### Work instructions:
Copy out every line of the records where the string "arguments" occurs.

### Data to use:
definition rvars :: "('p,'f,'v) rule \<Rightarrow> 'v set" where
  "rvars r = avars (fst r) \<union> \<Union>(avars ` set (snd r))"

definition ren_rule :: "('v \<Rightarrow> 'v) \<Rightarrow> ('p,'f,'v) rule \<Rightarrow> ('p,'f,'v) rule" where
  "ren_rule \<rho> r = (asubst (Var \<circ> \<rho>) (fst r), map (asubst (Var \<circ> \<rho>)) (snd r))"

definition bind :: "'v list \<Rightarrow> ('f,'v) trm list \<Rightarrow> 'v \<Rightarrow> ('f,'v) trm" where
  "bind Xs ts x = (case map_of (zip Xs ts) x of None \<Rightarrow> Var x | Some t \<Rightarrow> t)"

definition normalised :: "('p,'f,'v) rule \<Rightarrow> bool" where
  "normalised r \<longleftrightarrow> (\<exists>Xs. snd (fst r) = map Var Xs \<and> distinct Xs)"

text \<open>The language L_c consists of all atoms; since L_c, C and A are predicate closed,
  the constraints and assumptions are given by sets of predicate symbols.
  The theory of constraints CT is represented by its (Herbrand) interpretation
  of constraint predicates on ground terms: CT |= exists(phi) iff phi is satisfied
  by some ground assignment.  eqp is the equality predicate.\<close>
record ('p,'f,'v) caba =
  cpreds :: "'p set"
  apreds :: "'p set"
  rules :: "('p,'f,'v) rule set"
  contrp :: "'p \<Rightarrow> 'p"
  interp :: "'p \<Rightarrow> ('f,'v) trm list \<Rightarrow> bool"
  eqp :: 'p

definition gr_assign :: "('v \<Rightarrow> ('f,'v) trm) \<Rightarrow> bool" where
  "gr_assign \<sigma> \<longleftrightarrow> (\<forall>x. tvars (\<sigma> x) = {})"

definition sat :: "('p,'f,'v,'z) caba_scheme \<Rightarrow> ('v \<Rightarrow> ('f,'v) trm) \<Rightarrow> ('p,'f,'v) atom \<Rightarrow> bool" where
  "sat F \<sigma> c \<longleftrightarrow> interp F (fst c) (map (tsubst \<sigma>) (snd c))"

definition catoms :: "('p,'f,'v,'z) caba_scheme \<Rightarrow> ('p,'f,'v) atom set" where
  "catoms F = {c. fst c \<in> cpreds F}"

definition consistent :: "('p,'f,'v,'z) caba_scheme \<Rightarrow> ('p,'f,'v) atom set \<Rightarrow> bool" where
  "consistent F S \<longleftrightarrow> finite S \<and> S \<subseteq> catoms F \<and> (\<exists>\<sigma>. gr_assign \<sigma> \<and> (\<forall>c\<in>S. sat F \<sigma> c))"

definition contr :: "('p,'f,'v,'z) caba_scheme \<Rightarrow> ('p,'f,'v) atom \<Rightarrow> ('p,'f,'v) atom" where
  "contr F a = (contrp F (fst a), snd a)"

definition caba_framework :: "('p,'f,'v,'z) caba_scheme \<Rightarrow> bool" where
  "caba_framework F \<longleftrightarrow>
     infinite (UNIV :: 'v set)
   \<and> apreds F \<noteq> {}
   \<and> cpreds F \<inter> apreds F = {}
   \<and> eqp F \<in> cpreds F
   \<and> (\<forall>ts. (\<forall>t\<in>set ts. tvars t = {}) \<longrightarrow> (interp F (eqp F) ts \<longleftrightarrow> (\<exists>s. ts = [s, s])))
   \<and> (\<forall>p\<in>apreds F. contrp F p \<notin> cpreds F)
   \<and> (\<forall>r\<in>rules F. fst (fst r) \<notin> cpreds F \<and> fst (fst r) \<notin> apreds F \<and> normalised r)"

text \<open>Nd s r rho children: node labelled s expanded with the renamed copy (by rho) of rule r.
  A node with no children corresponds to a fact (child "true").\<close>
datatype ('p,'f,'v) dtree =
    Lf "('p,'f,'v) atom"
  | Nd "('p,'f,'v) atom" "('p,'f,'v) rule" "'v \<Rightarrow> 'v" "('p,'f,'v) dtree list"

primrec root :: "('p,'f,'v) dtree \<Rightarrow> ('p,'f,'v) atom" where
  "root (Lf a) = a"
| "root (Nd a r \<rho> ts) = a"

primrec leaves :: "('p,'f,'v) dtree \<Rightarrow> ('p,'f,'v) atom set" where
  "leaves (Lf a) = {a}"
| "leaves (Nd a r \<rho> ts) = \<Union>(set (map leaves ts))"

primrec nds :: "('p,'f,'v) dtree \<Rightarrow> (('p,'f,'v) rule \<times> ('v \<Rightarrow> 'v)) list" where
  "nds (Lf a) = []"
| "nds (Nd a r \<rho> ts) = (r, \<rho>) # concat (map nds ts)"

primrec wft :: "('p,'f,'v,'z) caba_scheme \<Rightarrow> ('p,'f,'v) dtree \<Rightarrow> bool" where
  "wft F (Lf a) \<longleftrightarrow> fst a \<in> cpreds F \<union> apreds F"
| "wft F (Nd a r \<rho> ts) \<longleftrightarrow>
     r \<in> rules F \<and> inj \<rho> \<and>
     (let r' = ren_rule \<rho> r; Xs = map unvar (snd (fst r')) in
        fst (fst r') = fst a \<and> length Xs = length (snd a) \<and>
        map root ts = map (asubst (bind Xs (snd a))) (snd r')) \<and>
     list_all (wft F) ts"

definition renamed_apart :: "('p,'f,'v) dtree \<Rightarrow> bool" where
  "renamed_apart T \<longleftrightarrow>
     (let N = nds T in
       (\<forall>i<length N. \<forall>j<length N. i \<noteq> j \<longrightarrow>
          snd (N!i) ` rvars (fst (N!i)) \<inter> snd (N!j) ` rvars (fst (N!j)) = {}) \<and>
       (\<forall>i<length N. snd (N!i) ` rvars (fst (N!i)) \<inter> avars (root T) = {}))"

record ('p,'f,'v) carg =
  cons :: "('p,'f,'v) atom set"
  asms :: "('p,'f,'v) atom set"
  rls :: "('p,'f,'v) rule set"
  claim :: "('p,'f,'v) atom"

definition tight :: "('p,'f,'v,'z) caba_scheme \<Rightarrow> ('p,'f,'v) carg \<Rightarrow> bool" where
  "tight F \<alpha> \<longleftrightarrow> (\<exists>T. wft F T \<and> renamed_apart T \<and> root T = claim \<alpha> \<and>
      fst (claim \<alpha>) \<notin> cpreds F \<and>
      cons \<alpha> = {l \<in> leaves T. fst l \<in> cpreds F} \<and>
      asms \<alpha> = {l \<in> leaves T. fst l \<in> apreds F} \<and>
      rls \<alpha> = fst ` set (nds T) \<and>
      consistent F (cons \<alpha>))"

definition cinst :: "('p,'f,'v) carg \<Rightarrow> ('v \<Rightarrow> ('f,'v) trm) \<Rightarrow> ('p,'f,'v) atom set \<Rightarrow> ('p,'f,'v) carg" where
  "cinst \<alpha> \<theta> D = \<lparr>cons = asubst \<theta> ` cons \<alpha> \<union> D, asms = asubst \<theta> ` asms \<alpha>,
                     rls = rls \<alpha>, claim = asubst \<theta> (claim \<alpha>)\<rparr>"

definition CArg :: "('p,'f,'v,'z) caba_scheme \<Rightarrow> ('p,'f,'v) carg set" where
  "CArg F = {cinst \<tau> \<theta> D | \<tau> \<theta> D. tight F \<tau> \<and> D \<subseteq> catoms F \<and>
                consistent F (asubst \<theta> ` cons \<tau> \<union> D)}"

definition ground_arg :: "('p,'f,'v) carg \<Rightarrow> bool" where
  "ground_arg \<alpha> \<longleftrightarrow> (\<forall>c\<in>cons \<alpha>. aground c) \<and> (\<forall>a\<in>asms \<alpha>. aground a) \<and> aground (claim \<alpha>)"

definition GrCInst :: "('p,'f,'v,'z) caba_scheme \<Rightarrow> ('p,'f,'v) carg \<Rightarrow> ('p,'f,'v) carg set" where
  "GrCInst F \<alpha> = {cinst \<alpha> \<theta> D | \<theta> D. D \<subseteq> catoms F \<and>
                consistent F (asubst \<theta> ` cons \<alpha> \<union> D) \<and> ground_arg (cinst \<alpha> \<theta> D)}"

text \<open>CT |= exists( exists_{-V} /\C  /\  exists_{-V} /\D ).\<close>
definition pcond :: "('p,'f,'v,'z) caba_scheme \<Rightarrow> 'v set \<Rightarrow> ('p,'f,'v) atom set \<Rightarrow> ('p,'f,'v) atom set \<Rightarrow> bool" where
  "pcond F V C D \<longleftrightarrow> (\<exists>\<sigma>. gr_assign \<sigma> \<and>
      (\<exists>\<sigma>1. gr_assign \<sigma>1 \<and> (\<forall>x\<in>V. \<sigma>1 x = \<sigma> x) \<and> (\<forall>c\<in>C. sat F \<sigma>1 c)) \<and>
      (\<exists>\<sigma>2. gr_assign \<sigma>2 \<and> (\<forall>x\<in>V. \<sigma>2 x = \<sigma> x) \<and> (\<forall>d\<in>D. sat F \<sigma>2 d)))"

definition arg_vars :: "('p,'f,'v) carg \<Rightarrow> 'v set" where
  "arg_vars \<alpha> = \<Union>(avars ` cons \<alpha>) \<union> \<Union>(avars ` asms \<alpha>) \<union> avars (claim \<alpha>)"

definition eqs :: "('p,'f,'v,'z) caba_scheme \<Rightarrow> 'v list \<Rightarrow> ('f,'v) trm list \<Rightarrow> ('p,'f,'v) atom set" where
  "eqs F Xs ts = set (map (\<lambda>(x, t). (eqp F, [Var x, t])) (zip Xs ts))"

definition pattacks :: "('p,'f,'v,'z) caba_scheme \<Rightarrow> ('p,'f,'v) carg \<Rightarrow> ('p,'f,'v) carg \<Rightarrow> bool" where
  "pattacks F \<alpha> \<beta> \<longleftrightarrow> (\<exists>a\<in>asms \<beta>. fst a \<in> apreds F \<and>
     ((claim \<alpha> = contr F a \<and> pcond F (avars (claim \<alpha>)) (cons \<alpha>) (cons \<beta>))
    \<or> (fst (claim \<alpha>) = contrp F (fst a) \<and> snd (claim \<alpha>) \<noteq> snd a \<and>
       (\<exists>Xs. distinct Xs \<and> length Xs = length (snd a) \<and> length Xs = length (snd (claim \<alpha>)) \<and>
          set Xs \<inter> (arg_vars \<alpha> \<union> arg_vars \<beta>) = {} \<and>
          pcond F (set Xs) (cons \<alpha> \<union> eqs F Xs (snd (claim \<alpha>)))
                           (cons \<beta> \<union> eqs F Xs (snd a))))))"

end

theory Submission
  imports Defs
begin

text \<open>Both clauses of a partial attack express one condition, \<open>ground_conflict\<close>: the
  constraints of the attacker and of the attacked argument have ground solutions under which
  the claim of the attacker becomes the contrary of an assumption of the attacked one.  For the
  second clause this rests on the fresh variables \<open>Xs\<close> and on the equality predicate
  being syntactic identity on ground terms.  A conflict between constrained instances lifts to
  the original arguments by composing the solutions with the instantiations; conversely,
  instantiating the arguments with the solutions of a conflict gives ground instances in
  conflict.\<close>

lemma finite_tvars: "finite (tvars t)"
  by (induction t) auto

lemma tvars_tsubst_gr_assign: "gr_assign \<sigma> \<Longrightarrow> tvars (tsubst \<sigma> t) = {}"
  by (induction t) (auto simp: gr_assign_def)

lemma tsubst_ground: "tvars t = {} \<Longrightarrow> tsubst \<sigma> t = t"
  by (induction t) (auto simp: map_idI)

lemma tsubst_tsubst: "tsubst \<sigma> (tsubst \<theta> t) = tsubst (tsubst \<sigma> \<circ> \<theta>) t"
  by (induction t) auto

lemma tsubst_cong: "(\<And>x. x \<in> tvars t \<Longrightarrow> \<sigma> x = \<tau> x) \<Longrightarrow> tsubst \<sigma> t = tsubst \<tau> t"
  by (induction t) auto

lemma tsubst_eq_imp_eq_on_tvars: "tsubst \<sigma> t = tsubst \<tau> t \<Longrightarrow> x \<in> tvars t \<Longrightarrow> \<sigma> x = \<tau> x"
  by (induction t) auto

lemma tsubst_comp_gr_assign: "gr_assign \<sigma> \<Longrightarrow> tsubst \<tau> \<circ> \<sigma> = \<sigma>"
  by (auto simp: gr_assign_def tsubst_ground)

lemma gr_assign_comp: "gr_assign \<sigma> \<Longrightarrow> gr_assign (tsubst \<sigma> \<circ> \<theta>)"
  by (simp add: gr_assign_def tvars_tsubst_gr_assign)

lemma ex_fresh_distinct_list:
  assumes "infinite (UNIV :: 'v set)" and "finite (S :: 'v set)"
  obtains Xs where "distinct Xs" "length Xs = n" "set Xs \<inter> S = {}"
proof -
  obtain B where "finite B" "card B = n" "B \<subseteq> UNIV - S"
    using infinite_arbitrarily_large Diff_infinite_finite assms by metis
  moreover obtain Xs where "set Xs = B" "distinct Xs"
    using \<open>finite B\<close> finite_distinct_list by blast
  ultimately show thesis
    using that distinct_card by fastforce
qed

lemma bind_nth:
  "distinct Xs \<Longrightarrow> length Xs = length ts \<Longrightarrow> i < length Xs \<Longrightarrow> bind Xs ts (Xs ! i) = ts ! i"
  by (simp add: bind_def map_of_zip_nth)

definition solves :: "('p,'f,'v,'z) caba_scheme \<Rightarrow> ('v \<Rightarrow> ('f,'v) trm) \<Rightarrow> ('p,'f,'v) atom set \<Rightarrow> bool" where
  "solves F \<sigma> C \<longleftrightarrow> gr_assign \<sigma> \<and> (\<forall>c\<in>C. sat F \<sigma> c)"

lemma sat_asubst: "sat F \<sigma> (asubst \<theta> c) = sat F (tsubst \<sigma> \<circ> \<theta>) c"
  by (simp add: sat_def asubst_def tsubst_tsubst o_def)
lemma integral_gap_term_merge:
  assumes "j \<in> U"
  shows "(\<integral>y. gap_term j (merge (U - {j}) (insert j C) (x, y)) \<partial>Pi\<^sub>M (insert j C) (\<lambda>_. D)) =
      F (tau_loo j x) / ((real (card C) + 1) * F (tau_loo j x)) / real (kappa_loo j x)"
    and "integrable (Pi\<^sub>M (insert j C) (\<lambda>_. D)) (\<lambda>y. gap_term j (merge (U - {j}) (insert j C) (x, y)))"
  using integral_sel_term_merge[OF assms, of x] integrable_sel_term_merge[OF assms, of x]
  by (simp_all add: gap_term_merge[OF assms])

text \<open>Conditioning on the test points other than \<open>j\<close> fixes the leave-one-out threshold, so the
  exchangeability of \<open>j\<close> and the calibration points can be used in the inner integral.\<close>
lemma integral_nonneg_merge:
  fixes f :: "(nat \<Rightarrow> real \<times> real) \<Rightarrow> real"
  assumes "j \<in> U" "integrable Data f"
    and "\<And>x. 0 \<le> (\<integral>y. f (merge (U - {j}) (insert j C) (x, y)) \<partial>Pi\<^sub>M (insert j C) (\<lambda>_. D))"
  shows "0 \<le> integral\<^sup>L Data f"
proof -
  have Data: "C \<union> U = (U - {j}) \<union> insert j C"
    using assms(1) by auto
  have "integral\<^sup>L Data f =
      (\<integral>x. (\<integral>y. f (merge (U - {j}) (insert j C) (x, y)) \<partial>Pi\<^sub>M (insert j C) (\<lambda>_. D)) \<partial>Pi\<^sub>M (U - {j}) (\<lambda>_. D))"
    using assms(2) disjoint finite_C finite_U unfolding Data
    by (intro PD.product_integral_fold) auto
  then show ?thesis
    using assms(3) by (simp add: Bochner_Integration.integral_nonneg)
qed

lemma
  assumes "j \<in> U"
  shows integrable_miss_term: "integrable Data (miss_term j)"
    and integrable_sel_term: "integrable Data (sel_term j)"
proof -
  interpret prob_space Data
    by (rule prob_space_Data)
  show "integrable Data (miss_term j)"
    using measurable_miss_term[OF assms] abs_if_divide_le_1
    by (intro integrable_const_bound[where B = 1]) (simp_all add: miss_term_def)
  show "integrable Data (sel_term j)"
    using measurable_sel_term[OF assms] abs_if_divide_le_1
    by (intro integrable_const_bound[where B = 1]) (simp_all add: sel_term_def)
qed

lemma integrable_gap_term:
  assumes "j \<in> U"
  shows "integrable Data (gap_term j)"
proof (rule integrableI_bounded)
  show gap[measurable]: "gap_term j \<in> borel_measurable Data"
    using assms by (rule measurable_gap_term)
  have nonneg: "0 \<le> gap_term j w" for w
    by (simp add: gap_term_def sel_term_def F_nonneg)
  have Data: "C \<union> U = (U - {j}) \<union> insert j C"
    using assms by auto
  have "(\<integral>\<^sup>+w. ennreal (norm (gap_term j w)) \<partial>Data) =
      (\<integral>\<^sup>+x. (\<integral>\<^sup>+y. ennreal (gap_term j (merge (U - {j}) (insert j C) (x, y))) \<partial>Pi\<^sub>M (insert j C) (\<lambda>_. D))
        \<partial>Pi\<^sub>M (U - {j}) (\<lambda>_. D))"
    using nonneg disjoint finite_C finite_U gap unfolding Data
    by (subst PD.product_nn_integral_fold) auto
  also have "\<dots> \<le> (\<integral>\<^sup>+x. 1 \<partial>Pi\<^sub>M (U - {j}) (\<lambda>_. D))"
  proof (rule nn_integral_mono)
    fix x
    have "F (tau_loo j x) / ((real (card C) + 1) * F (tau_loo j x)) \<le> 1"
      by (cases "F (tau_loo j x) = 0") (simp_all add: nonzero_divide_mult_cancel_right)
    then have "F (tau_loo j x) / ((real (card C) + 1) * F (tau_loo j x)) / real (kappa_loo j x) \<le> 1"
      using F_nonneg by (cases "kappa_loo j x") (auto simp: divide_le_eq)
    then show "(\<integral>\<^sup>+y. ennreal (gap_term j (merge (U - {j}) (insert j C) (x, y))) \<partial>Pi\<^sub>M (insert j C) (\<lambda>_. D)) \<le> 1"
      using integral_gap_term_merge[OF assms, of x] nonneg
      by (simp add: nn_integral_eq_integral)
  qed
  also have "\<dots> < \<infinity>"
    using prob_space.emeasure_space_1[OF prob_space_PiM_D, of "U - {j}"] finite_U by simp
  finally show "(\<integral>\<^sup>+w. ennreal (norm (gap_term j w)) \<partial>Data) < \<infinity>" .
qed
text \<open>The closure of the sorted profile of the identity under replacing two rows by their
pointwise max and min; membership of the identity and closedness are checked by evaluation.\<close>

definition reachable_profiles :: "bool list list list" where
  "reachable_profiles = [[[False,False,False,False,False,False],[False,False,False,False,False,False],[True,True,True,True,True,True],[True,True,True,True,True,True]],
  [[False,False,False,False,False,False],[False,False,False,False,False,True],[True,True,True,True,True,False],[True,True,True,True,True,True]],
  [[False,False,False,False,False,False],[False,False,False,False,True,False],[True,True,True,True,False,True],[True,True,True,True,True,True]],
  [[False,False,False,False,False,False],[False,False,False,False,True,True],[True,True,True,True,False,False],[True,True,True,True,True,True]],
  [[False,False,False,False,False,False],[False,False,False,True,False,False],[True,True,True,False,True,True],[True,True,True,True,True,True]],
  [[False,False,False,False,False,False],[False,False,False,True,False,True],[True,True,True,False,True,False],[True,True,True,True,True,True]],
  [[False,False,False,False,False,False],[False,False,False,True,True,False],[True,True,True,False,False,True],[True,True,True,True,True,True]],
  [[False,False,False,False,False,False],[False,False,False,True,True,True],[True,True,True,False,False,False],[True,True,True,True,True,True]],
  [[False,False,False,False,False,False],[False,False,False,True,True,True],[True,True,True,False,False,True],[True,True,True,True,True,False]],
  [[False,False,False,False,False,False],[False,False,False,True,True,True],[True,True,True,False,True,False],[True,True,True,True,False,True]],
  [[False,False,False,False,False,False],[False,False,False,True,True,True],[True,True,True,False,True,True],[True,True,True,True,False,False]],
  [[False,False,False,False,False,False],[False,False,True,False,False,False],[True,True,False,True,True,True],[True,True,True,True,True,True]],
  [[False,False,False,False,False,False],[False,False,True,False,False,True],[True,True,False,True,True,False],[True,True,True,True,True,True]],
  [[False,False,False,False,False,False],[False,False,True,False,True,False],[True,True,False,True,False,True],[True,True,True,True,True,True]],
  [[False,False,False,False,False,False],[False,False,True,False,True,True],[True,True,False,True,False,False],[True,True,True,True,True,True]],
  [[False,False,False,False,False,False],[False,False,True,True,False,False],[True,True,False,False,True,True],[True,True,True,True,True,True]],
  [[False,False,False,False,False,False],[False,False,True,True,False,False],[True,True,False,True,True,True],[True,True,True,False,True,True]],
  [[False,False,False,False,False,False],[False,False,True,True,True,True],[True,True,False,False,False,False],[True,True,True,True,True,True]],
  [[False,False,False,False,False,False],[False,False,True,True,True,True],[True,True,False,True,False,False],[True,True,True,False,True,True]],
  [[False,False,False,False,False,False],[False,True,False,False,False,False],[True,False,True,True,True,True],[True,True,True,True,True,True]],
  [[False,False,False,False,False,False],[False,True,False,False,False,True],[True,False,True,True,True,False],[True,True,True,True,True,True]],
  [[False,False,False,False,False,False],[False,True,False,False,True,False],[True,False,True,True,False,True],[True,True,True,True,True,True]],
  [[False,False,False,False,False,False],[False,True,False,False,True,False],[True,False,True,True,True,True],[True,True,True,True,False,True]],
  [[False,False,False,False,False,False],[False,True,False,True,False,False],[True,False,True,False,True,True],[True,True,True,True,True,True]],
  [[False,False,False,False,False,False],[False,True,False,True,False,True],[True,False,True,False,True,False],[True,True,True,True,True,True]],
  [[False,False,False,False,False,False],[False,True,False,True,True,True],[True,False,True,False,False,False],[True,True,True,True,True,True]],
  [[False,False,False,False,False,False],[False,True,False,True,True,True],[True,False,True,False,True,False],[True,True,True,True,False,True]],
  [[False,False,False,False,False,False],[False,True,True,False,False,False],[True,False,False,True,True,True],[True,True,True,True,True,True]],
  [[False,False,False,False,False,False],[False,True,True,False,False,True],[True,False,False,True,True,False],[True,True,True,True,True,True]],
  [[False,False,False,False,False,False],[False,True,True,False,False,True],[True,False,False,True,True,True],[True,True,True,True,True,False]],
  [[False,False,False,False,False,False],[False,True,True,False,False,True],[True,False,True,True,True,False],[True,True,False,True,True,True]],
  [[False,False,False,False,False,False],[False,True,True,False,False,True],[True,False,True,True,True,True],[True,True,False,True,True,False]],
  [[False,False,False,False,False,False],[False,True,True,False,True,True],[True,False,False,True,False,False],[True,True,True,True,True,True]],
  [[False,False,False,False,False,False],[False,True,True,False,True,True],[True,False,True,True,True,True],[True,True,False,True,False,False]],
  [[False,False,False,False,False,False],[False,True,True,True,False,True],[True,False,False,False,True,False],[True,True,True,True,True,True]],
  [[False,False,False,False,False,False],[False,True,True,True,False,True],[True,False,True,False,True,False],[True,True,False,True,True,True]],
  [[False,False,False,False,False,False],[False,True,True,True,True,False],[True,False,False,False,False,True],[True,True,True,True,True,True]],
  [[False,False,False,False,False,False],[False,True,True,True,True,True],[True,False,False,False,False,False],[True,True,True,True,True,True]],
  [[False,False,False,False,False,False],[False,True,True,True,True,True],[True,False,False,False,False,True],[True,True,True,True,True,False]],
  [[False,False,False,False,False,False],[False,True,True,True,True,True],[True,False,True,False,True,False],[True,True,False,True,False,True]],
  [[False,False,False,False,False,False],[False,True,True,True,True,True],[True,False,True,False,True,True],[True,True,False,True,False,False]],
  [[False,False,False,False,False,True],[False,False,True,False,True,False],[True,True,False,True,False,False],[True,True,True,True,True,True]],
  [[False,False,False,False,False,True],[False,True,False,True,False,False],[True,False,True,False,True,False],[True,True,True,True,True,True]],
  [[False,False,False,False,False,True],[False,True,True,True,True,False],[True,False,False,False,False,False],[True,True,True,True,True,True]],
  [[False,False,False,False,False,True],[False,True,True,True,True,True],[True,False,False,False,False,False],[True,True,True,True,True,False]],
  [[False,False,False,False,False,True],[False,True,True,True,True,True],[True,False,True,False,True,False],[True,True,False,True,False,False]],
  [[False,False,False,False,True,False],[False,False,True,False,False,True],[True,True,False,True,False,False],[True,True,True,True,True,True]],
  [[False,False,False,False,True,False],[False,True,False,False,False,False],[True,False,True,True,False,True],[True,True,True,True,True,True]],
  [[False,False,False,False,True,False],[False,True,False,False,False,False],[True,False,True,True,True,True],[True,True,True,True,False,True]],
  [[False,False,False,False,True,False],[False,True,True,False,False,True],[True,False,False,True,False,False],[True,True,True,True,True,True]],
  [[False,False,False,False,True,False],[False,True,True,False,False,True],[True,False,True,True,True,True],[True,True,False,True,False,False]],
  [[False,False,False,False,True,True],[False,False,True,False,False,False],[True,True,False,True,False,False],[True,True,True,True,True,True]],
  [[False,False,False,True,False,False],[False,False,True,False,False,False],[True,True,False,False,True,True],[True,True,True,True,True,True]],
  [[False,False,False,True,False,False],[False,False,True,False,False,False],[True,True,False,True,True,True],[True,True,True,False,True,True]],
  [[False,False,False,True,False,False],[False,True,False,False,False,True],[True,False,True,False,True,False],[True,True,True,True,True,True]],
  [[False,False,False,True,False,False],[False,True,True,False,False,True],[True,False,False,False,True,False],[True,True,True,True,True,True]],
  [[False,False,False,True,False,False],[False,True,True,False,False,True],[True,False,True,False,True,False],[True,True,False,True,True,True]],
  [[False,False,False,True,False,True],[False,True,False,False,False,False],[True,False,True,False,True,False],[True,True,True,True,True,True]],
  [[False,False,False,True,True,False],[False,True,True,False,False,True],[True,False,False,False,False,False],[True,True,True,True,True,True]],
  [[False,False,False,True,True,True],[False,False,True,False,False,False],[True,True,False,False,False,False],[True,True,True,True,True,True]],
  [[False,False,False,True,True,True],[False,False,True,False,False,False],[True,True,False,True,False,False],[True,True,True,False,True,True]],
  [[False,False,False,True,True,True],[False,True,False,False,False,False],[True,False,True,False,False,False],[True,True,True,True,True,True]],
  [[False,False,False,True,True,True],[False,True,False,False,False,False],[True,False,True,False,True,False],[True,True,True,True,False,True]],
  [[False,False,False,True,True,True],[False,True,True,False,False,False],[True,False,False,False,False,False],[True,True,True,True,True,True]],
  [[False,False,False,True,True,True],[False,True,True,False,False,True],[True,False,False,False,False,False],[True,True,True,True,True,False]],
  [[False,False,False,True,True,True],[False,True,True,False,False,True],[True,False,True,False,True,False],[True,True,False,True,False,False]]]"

### Written answer:
  the original arguments by composing the solutions with the instantiations; conversely,
  instantiating the arguments with the solutions of a conflict gives ground instances in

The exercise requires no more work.